Authentication and authorization, sounds similar? You may have heard these two words without knowing that they refer to different terminologies. But, if we consider them as technical terms, they refer to two completely different terms with totally different meanings. Both these terminologies are related to the branch of network security. Now, what network security actually is?
Network Security
Network security means preventing unauthorized access from penetrating into our network infrastructure. Shortly, it is the technique of using physical or software measures to protect our network from malfunctioning, misuse or destruction.
While accessing the network, the user can access the network by sitting far away from the router or the device. For this process, the user should have remote access to the device. But, while gaining this access, there are various security issues which we have to prevent.
Some of these issues include the penetrating of the unauthorized user while accessing the network remotely. So, to avoid this, A-A-A i.e. the A-A-A framework is used. The A’s in the framework are as follows:-
– Authentication
– Authorization
– Accounting
Here, in this article, we will focus on the terms of authentication and authorization, what these terms refer to and what is the difference between them.
Authentication
1. Username and password technique
Now firstly, let’s talk about the authentication. As the network is derived from humans and by humans, some terms are very common in the real world and the network world. One of these “such things” is the ‘Introduction’. While meeting face to face, our very first gesture is the handshake.

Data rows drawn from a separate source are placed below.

(* Let $2\le m<n$, let $g_1,\dots,g_m:\mathbb{R}^n\to\mathbb{R}$ be smooth maps and $c_1,\dots,c_m\in\mathbb{R}$; let $Y=\{p: g_i(p)=c_i,\ 1\le i\le m-1\}$ and $X=\{p\in Y: g_m(p)=c_m\}$. Assume $Y$ is nonempty, bounded and connected, $\nabla g_1(p),\dots,\nabla g_{m-1}(p)$ are linearly independent at every $p\in Y$, and $g_m|_Y$ is a Morse function on $Y$. If $c_m$ equals the global maximum or the global minimum of $g_m|_Y$, then the social choice problem over $X$ has a solution.
   Context: A smooth function on a manifold is a Morse function if its Hessian (in local coordinates) is nonsingular at each of its critical points. For $X\subseteq\mathbb{R}^n$ and $k\ge 2$, a social choice function for $k$ agents over $X$ is a continuous map $F:X^k\to X$ which is anonymous (invariant under permutations of the arguments) and unanimous ($F(p,\dots,p)=p$). "The social choice problem over $X$ has a solution" means that an SCF for $k$ agents over $X$ exists for every $k\ge 2$. *)

theory Defs
  imports "HOL-Analysis.Analysis"
begin

definition partial :: "(real^'a::finite \<Rightarrow> real) \<Rightarrow> 'a \<Rightarrow> real^'a \<Rightarrow> real" where
  "partial f i x = frechet_derivative f (at x) (axis i 1)"

definition grad :: "(real^'a::finite \<Rightarrow> real) \<Rightarrow> real^'a \<Rightarrow> real^'a" where
  "grad f x = (\<chi> j. partial f j x)"

text \<open>C-infinity on an open set U: differentiable on U and all partial derivatives are again
  C-infinity on U (greatest fixed point = all iterated partial derivatives exist).\<close>
coinductive smooth_on :: "(real^'a::finite) set \<Rightarrow> (real^'a \<Rightarrow> real) \<Rightarrow> bool" for U where
  "(\<forall>x\<in>U. f differentiable (at x)) \<Longrightarrow> (\<forall>i. smooth_on U (\<lambda>x. partial f i x)) \<Longrightarrow> smooth_on U f"

text \<open>A local parametrization (inverse of a chart / local coordinates) of a subset Y of R^n.\<close>
definition local_param :: "(real^'k::finite \<Rightarrow> real^'n::finite) \<Rightarrow> (real^'k) set \<Rightarrow> (real^'n) set \<Rightarrow> bool" where
  "local_param \<phi> U Y \<longleftrightarrow> open U \<and> (\<forall>j. smooth_on U (\<lambda>u. \<phi> u $ j)) \<and> \<phi> ` U \<subseteq> Y
     \<and> openin (top_of_set Y) (\<phi> ` U) \<and> (\<exists>\<psi>. homeomorphism U (\<phi> ` U) \<phi> \<psi>)
     \<and> (\<forall>u\<in>U. inj (frechet_derivative \<phi> (at u)))"

text \<open>f restricted to Y is a Morse function on Y (Y of dimension CARD('k)): in every local
  coordinate system, at every critical point the Hessian is nonsingular.\<close>
definition morse_on :: "'k::finite itself \<Rightarrow> (real^'n::finite) set \<Rightarrow> (real^'n \<Rightarrow> real) \<Rightarrow> bool" where
  "morse_on _ Y f \<longleftrightarrow>
     (\<forall>(\<phi>::real^'k \<Rightarrow> real^'n) U u. local_param \<phi> U Y \<and> u \<in> U
        \<and> frechet_derivative (f \<circ> \<phi>) (at u) = (\<lambda>_. 0)
        \<longrightarrow> det (\<chi> i j. partial (\<lambda>v. partial (f \<circ> \<phi>) j v) i u) \<noteq> 0)"

text \<open>Social choice function for k agents over X; profiles in X^k are functions on {..<k}.\<close>
definition social_choice_fun :: "(real^'n::finite) set \<Rightarrow> nat \<Rightarrow> ((nat \<Rightarrow> real^'n) \<Rightarrow> real^'n) \<Rightarrow> bool" where
  "social_choice_fun X k F \<longleftrightarrow>
     continuous_map (subtopology (product_topology (\<lambda>_. euclidean) {..<k}) (PiE {..<k} (\<lambda>_. X)))
                    (top_of_set X) F
   \<and> (\<forall>x\<in>PiE {..<k} (\<lambda>_. X). \<forall>\<sigma>. \<sigma> permutes {..<k} \<longrightarrow> F (x \<circ> \<sigma>) = F x)
   \<and> (\<forall>p\<in>X. F (\<lambda>i\<in>{..<k}. p) = p)"

definition scf_problem_solvable :: "(real^'n::finite) set \<Rightarrow> bool" where
  "scf_problem_solvable X \<longleftrightarrow> (\<forall>k\<ge>2. \<exists>F. social_choice_fun X k F)"

end

(*
  Let p be a point of X. Since c_m is an extremal value of g_m on Y, in local coordinates of Y
  around p every point of X is a critical point of g_m; by the Morse hypothesis p is a
  nondegenerate critical point, and nondegenerate critical points are isolated. Hence X is
  discrete, and over a discrete set any rule choosing one of the proposed alternatives in a way
  that only depends on the set of proposals is continuous, anonymous and unanimous.

  The local coordinates come from the regular value theorem: the map
  x \<mapsto> (g_i(x) - c_i)_i + (tangential part of x - p) is a local diffeomorphism straightening Y.
  Most of the work is showing that its local inverse is again smooth.
*)

theory Submission
  imports Defs
begin

section \<open>Smooth functions\<close>

lemma partial_has_derivative: "(f has_derivative f') (at x) \<Longrightarrow> partial f i x = f' (axis i 1)"
  unfolding partial_def using frechet_derivative_at by metis

lemma smooth_on_differentiable: "smooth_on U f \<Longrightarrow> x \<in> U \<Longrightarrow> f differentiable (at x)"
  by (erule smooth_on.cases) auto

lemma smooth_on_partial: "smooth_on U f \<Longrightarrow> smooth_on U (partial f i)"
  by (erule smooth_on.cases) auto

lemma smooth_on_continuous_on: "smooth_on U f \<Longrightarrow> continuous_on U f"
  by (intro continuous_at_imp_continuous_on)
     (use smooth_on_differentiable differentiable_imp_continuous_within in blast)

lemma smooth_on_subset: "smooth_on U f \<Longrightarrow> V \<subseteq> U \<Longrightarrow> smooth_on V f"
proof (coinduction arbitrary: f rule: smooth_on.coinduct)
  case (smooth_on f)
  then show ?case by (auto elim: smooth_on.cases)
qed

lemma smooth_on_const: "smooth_on U (\<lambda>x. c)"
proof (coinduction arbitrary: c rule: smooth_on.coinduct)
  case (smooth_on c)
  have "partial (\<lambda>x. c) i = (\<lambda>x. 0)" for i
    by (rule ext, rule partial_has_derivative[OF has_derivative_const, simplified])
  then show ?case by auto
qed

lemma smooth_on_linear:
  fixes f :: "real^'a \<Rightarrow> real"
  assumes "bounded_linear f"
  shows "smooth_on V f"
proof (rule smooth_on.intros)
  have D: "(f has_derivative f) (at x)" for x
    using assms by (rule bounded_linear_imp_has_derivative)
  then show "\<forall>x\<in>V. f differentiable (at x)" unfolding differentiable_def by blast
  have "partial f i = (\<lambda>x. f (axis i 1))" for i using partial_has_derivative[OF D] by auto
  then show "\<forall>i. smooth_on V (partial f i)" by (simp add: smooth_on_const)
qed

lemma linear_eq_sum_axis:
  fixes f :: "real^'a \<Rightarrow> real"
  assumes "linear f"
  shows "f v = (\<Sum>i\<in>UNIV. v$i * f (axis i 1))"
proof -
  have "f v = f (\<Sum>i\<in>UNIV. v$i *s axis i 1)" by (simp add: basis_expansion)
  also have "\<dots> = (\<Sum>i\<in>UNIV. v$i * f (axis i 1))"
    using assms by (simp add: linear_sum linear_scale scalar_mult_eq_scaleR)
  finally show ?thesis .
qed

lemma has_derivative_grad_inner:
  assumes "f differentiable (at x)"
  shows "(f has_derivative (\<lambda>h. grad f x \<bullet> h)) (at x)"
proof -
  obtain D where D: "(f has_derivative D) (at x)"
    using assms unfolding differentiable_def by blast
  have "D h = grad f x \<bullet> h" for h
    using linear_eq_sum_axis[OF has_derivative_linear[OF D], of h] partial_has_derivative[OF D]
    by (simp add: grad_def inner_vec_def mult.commute)
  with D show ?thesis by (metis ext)
qed

lemma partial_add:
  assumes "f differentiable (at x)" "g differentiable (at x)"
  shows "partial (\<lambda>x. f x + g x) i x = partial f i x + partial g i x"
proof -
  obtain Df Dg where "(f has_derivative Df) (at x)" "(g has_derivative Dg) (at x)"
    using assms unfolding differentiable_def by blast
  from partial_has_derivative[OF has_derivative_add[OF this]]
    partial_has_derivative[OF this(1)] partial_has_derivative[OF this(2)]
  show ?thesis by simp
qed

lemma partial_mult:
  assumes "f differentiable (at x)" "g differentiable (at x)"
  shows "partial (\<lambda>x. f x * g x) i x = f x * partial g i x + partial f i x * g x"
proof -
  obtain Df Dg where "(f has_derivative Df) (at x)" "(g has_derivative Dg) (at x)"
    using assms unfolding differentiable_def by blast
  from partial_has_derivative[OF has_derivative_mult[OF this]]
    partial_has_derivative[OF this(1)] partial_has_derivative[OF this(2)]
  show ?thesis by simp
qed

text \<open>Closure properties of \<open>smooth_on\<close> are proved coinductively: it suffices that the algebra
  generated by the smooth functions and a family \<open>G\<close> (up to agreement on \<open>V\<close>) is closed
  under partial derivatives.\<close>

inductive smooth_generated :: "(real^'a::finite) set \<Rightarrow> (real^'a \<Rightarrow> real) set \<Rightarrow> (real^'a \<Rightarrow> real) \<Rightarrow> bool"
  for V G where
  smooth: "smooth_on V f \<Longrightarrow> smooth_generated V G f"
| generator: "f \<in> G \<Longrightarrow> smooth_generated V G f"
| add: "smooth_generated V G a \<Longrightarrow> smooth_generated V G b \<Longrightarrow> smooth_generated V G (\<lambda>x. a x + b x)"
| mult: "smooth_generated V G a \<Longrightarrow> smooth_generated V G b \<Longrightarrow> smooth_generated V G (\<lambda>x. a x * b x)"
| cong: "smooth_generated V G a \<Longrightarrow> (\<forall>x\<in>V. a x = b x) \<Longrightarrow> smooth_generated V G b"
text \<open>
  The matrix \<open>M\<close> below is the Laplacian plus the all-ones matrix; the extra summand
  \<open>\<Sum>\<^sub>k c\<^sub>k\<close> is invisible on sum-zero data but makes \<open>M\<close> injective.
\<close>

lemma laplacian_surj:
  fixes b :: "nat \<Rightarrow> nat \<Rightarrow> 'a::field_char_0"
  assumes sym: "\<And>j k. b j k = b k j" and n: "n > 0" and inj: "laplacian_inj n b"
    and sum_w: "(\<Sum>j<n. w j) = 0"
  shows "\<exists>c. (\<forall>i. n \<le> i \<longrightarrow> c i = 0) \<and> (\<Sum>k<n. c k) = 0 \<and> (\<forall>j<n. laplacian n b c j = w j)"
proof -
  define M :: "'a mat" where
    "M = mat n n (\<lambda>(j,k). (if j = k then (\<Sum>l<n. b j l) else 0) - b j k + 1)"
  have M_carrier: "M \<in> carrier_mat n n" unfolding M_def by simp
  have M_apply: "(M *\<^sub>v v) $ j = laplacian n b (\<lambda>k. v $ k) j + (\<Sum>k<n. v $ k)"
    if "v \<in> carrier_vec n" "j < n" for v j
  proof -
    have "(M *\<^sub>v v) $ j = (\<Sum>k<n. ((if j = k then (\<Sum>l<n. b j l) else 0) - b j k + 1) * v $ k)"
      using that M_carrier unfolding M_def
      by (auto simp: scalar_prod_def atLeast0LessThan intro!: sum.cong)
    also have "\<dots> = (\<Sum>k<n. (if j = k then (\<Sum>l<n. b j l) else 0) * v $ k)
        - (\<Sum>k<n. b j k * v $ k) + (\<Sum>k<n. v $ k)"
      by (simp add: algebra_simps sum.distrib sum_subtractf)
    also have "(\<Sum>k<n. (if j = k then (\<Sum>l<n. b j l) else 0) * v $ k) = (\<Sum>l<n. b j l) * v $ j"
    proof -
      have "(\<Sum>k<n. (if j = k then (\<Sum>l<n. b j l) else 0) * v $ k)
          = (\<Sum>k<n. if j = k then (\<Sum>l<n. b j l) * v $ k else 0)"
        by (rule sum.cong) auto
      thus ?thesis using that by (simp add: sum.delta)
    qed
    finally show ?thesis
      by (simp add: laplacian_def right_diff_distrib sum_subtractf sum_distrib_right)
  qed
  have sum_zero: "(\<Sum>k<n. c k) = 0"
    if "\<forall>j<n. laplacian n b c j + (\<Sum>k<n. c k) = t j" "(\<Sum>j<n. t j) = 0" for c t
  proof -
    have "(\<Sum>j<n. t j) = (\<Sum>j<n. laplacian n b c j + (\<Sum>k<n. c k))"
      using that(1) by simp
    also have "\<dots> = (\<Sum>j<n. laplacian n b c j) + of_nat n * (\<Sum>k<n. c k)"
      by (simp add: sum.distrib)
    moreover have "(\<Sum>j<n. laplacian n b c j) = 0"
      using sum_laplacian_eq_0[where b = b, OF sym] .
    ultimately show ?thesis using that(2) n by simp
  qed
  have "det M \<noteq> 0"
  proof
    assume "det M = 0"
    then obtain v where v: "v \<in> carrier_vec n" "v \<noteq> 0\<^sub>v n" "M *\<^sub>v v = 0\<^sub>v n"
      using det_0_iff_vec_prod_zero_field[OF M_carrier] by blast
    have ker: "\<forall>j<n. laplacian n b (\<lambda>k. v $ k) j + (\<Sum>k<n. v $ k) = 0"
      using M_apply[OF v(1)] v(3) by (metis index_zero_vec(1))
    have sum_v: "(\<Sum>k<n. v $ k) = 0" using sum_zero[OF ker] by simp
    with ker have "\<forall>j<n. laplacian n b (\<lambda>k. v $ k) j = 0" by simp
    hence "\<forall>j<n. v $ j = 0" using laplacian_injD[OF inj sum_v] by blast
    hence "v = 0\<^sub>v n" using v(1) by (intro eq_vecI) auto
    with v(2) show False by simp
  qed
  from det_non_zero_imp_unit[OF M_carrier this, of "()"]
  obtain B where B: "B \<in> carrier_mat n n" "M * B = 1\<^sub>m n"
    unfolding Units_def ring_mat_def by auto
  define v where "v = B *\<^sub>v vec n w"
  have v_carrier: "v \<in> carrier_vec n" unfolding v_def using B by simp
  have "M *\<^sub>v v = vec n w"
    unfolding v_def using B M_carrier by (simp flip: assoc_mult_mat_vec)
  define c where "c k = (if k < n then v $ k else 0)" for k
  have Mc: "\<forall>j<n. laplacian n b c j + (\<Sum>k<n. c k) = w j"
    using M_apply[OF v_carrier] \<open>M *\<^sub>v v = vec n w\<close>
    unfolding c_def laplacian_def by simp
  show ?thesis
    using sum_zero[OF Mc sum_w] Mc by (intro exI[of _ c]) (auto simp: c_def)
qed
lemma pointwise_bounded_imp_uniformly_bounded_on_ball:
  fixes F :: "'i \<Rightarrow> 'a::banach \<Rightarrow> 'b::real_normed_vector"
  assumes cont: "\<forall>i\<in>I. continuous_on UNIV (F i)"
    and bdd: "\<forall>x. \<exists>C. \<forall>i\<in>I. norm (F i x) \<le> C"
  shows "\<exists>z \<rho> N. \<rho> > 0 \<and> (\<forall>i\<in>I. \<forall>x\<in>ball z \<rho>. norm (F i x) \<le> N)"
proof -
  define A where "A n = (\<Inter>i\<in>I. {x. norm (F i x) \<le> real n})" for n :: nat
  have "closed (A n)" for n
    unfolding A_def using cont
    by (intro closed_INT ballI closed_Collect_le continuous_intros) (auto intro: continuous_on_norm)
  moreover have "\<Union>(range A) = UNIV"
  proof -
    have "\<exists>n. x \<in> A n" for x
    proof -
      obtain C where "\<forall>i\<in>I. norm (F i x) \<le> C"
        using bdd by blast
      moreover obtain n :: nat where "C \<le> real n"
        using real_arch_simple by blast
      ultimately have "x \<in> A n"
        by (auto simp: A_def intro: order_trans)
      then show ?thesis ..
    qed
    then show ?thesis by blast
  qed
  ultimately obtain n where "interior (A n) \<noteq> {}"
    using Baire_category_alt[of euclidean "range A"]
    by (force simp: completely_metrizable_space_euclidean)
  then obtain z \<rho> where "\<rho> > 0" "ball z \<rho> \<subseteq> A n"
    using mem_interior by blast
  then have "\<forall>i\<in>I. \<forall>x\<in>ball z \<rho>. norm (F i x) \<le> real n"
    by (auto simp: A_def)
  with \<open>\<rho> > 0\<close> show ?thesis
    by blast
qed
lemma wavelet_ft_sym_upscaled_le:
  assumes "1 < b" "0 < \<sigma>"
  shows "wavelet_ft_sym \<sigma> (\<sigma> * b ^ m) / 2 \<le> exp (-(\<sigma>\<^sup>2 * (b - 1)\<^sup>2) / 8) ^ m"
proof -
  have "real m * (b - 1) \<le> b ^ m - 1" "0 \<le> real m * (b - 1)"
    using Bernoulli_inequality[of "b - 1" m] assms by auto
  moreover have "\<bar>\<sigma> * b ^ m / \<sigma> - 1\<bar> = b ^ m - 1"
    using assms by simp
  ultimately have "real m * ((b - 1) / 2) \<le> \<bar>\<sigma> * b ^ m / \<sigma> - 1\<bar>"
    by linarith
  then have "wavelet_ft_sym \<sigma> (\<sigma> * b ^ m) \<le> 2 * exp (-(\<sigma>\<^sup>2 * ((b - 1) / 2)\<^sup>2) / 2) ^ m"
    using assms by (intro wavelet_ft_sym_le_distance) auto
  then show ?thesis
    by (simp add: power_divide)
qed

lemma wavelet_ft_sym_downscaled_le:
  assumes "1 < a" "a \<le> b" "0 < \<sigma>"
  shows "a ^ m * wavelet_ft_sym \<sigma> (\<sigma> / b ^ m) / 2
    \<le> 2 * exp (-(\<sigma>\<^sup>2 * (b - 1)\<^sup>2) / 8) ^ m + \<sigma> ^ 4 * exp (-(\<sigma>\<^sup>2) / 8) / 2 / b ^ m"
proof (cases "2 \<le> b ^ m")
  case False
  have "real m * ((b - 1) / 2) \<le> (b ^ m - 1) / 2"
    using Bernoulli_inequality[of "b - 1" m] assms by simp
  also have "\<dots> \<le> (b ^ m - 1) / b ^ m"
    using False assms one_le_power[of b m] by (intro divide_left_mono) auto
  also have "\<dots> = \<bar>\<sigma> / b ^ m / \<sigma> - 1\<bar>"
    using assms one_le_power[of b m] by (simp add: field_simps)
  finally have "wavelet_ft_sym \<sigma> (\<sigma> / b ^ m) \<le> 2 * exp (-(\<sigma>\<^sup>2 * ((b - 1) / 2)\<^sup>2) / 2) ^ m"
    using assms by (intro wavelet_ft_sym_le_distance) auto
  moreover have "a ^ m \<le> 2"
    using False assms power_mono[of a b m] by simp
  ultimately have "a ^ m * wavelet_ft_sym \<sigma> (\<sigma> / b ^ m) / 2 \<le> 2 * exp (-(\<sigma>\<^sup>2 * (b - 1)\<^sup>2) / 8) ^ m"
    using wavelet_ft_sym_nonneg[of \<sigma> "\<sigma> / b ^ m"]
    by (simp add: power_divide mult_right_mono[of "a ^ m" 2, THEN order.trans])
  moreover have "0 \<le> \<sigma> ^ 4 * exp (-(\<sigma>\<^sup>2) / 8) / 2 / b ^ m"
    using assms by simp
  ultimately show ?thesis
    by linarith
next
  case True
  have "b ^ m > 0"
    using assms by simp
  have "1 / 2 \<le> 1 - 1 / b ^ m"
    using True by (simp add: field_simps)
  then have "(1 / 2)\<^sup>2 \<le> (1 - 1 / b ^ m)\<^sup>2"
    by (intro power_mono) auto
  then have "\<sigma>\<^sup>2 / 4 \<le> \<sigma>\<^sup>2 * (1 - 1 / b ^ m)\<^sup>2"
    using mult_left_mono[of "(1 / 2)\<^sup>2" "(1 - 1 / b ^ m)\<^sup>2" "\<sigma>\<^sup>2"] by (simp add: power_divide)
  then have "exp (-((\<sigma> / b ^ m - \<sigma>)\<^sup>2) / 2) \<le> exp (-(\<sigma>\<^sup>2) / 8)"
    by (simp add: power2_eq_square algebra_simps)
  then have "(\<sigma> * (\<sigma> / b ^ m))\<^sup>2 * exp (-((\<sigma> / b ^ m - \<sigma>)\<^sup>2) / 2)
      \<le> (\<sigma> * (\<sigma> / b ^ m))\<^sup>2 * exp (-(\<sigma>\<^sup>2) / 8)"
    by (intro mult_left_mono) auto
  moreover have "wavelet_ft_sym \<sigma> (\<sigma> / b ^ m) \<le> (\<sigma> * (\<sigma> / b ^ m))\<^sup>2 * exp (-((\<sigma> / b ^ m - \<sigma>)\<^sup>2) / 2)"
    using assms by (intro wavelet_ft_sym_le_sq) simp
  ultimately have "wavelet_ft_sym \<sigma> (\<sigma> / b ^ m) \<le> (\<sigma> * (\<sigma> / b ^ m))\<^sup>2 * exp (-(\<sigma>\<^sup>2) / 8)"
    by linarith
  moreover have "a ^ m \<le> b ^ m"
    using assms by (intro power_mono) auto
  ultimately have "a ^ m * wavelet_ft_sym \<sigma> (\<sigma> / b ^ m) / 2
      \<le> b ^ m * ((\<sigma> * (\<sigma> / b ^ m))\<^sup>2 * exp (-(\<sigma>\<^sup>2) / 8)) / 2"
    using wavelet_ft_sym_nonneg[of \<sigma> "\<sigma> / b ^ m"] \<open>b ^ m > 0\<close>
    by (intro divide_right_mono mult_mono) auto
  also have "\<dots> = \<sigma> ^ 4 * exp (-(\<sigma>\<^sup>2) / 8) / 2 / b ^ m"
    using \<open>b ^ m > 0\<close> by (simp add: power2_eq_square eval_nat_numeral field_simps)
  finally show ?thesis
    by (simp add: add_increasing)
qed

Later on, we introduce ourselves with the small intro of our name and the work we do. Human to the human introduction is comparatively easier (I am saying comparatively because actually, it’s not as it differs from person to person) but when we talk about the system and user interaction, how will the user will get introduced to the system is the serious concern. As a solution to this, the process of authentication is adopted.
In simple words, the system should be able to identify the user, so, the system assigns a set of username and a password for the user which is confidential and known only by the system and the user. Previously, many of us knew about the username and password technique but what actually it is or it comes under what is cleared by now.
2. Public key infrastructure technique (PKI)
Using the fundamentals of encryption and digital signature process, we can secure our network more accurately and efficiently than the simple username ID and password technique.
PKI technique also combines the use of private and public keys along with the hardware devices and software to protect the network. Through authentication, the two devices located far away from each other are able to introduce themselves and confirm their identity. If they both feel secure after sharing the identity, they can communicate further else not. So, authentication is very important to confirm the identity of the system in long-distance communication.
Related Link- What is a PKI Certificate? PKI Certificate Explained
Applications of authentication
1. The very first and important application is the social media handle, the authentication can protect email ID’s.
2. Logging in to the system in the bank or anywhere requires you to have the authentication in that particular domain.
Authorization
Authorization simply refers to the term permission. It defines a set of permission which the user has on the system. For example, in technical terms, when a software developer sells his software, the customer only has the privilege to use the software. But there is no access of source code to the customer that is the customer does not have the permission to make changes in the actual code.
The changes can only be made by the developer. Similar is the case for authorization. Authorization can tell what the user can actually do on the system that is what applications he has permissions to, what work he is able to do and what not.
After the authentication, when the communication starts, when we have access to the particular system, the tasks we are able to perform, the area where we can enter, the applications to which user has access to comes under authentication.
Applications of authorization
1. In managing bank accounts, imagine if someone wants to modify his/her account and he has access not only access to his account but to the account of each and every person. In this case there is need for authorization so he can modify only his account.
2. On various websites, some users are subscribed to premium membership. But if authorization is not there, everyone will be able to get the privilege of the premium membership. So, to restrict it, authorization is essential.
3. User’s credentials is the confidential thing. For marketing, your staff members may use some information about the user but they should not access all the confidential information. So in that case authorization is necessary to avoid the staff members from having access to the valuable information of the user.
Differences
1. Authentication checks who you are and by asking you the information that only you and the system knows allows you access to the system. On the other hand, authorization verifies the area or the applications, where is the user can enter, that is, it checks the permissions which user has after getting control over the system.
2. Authentication can be checked by various techniques such as username password, biometric authentication, PKI, captcha test, etc. Whereas, authorization can be checked by methods such as read-write access to files, access to the database, specifying user roles to data.
3. Authentication is generally controlled by a server to know who is accessing the system. In authorization, the server after approving the access checks the permission which the user has for the applications.
So, we can conclude that by knowing the terms authentication and authorization, we are able to understand the working of the network systems and how the access is assigned to the particular user. Now, we are also able to understand the working of some organizations such as bank systems and also the how and why software developer denies the access of his source code to the customer.
If these processes do not exist, many website users and organizations will have been hesitated in providing various privileges to the users. Also, the internet became a safer place to work due to these network security processes.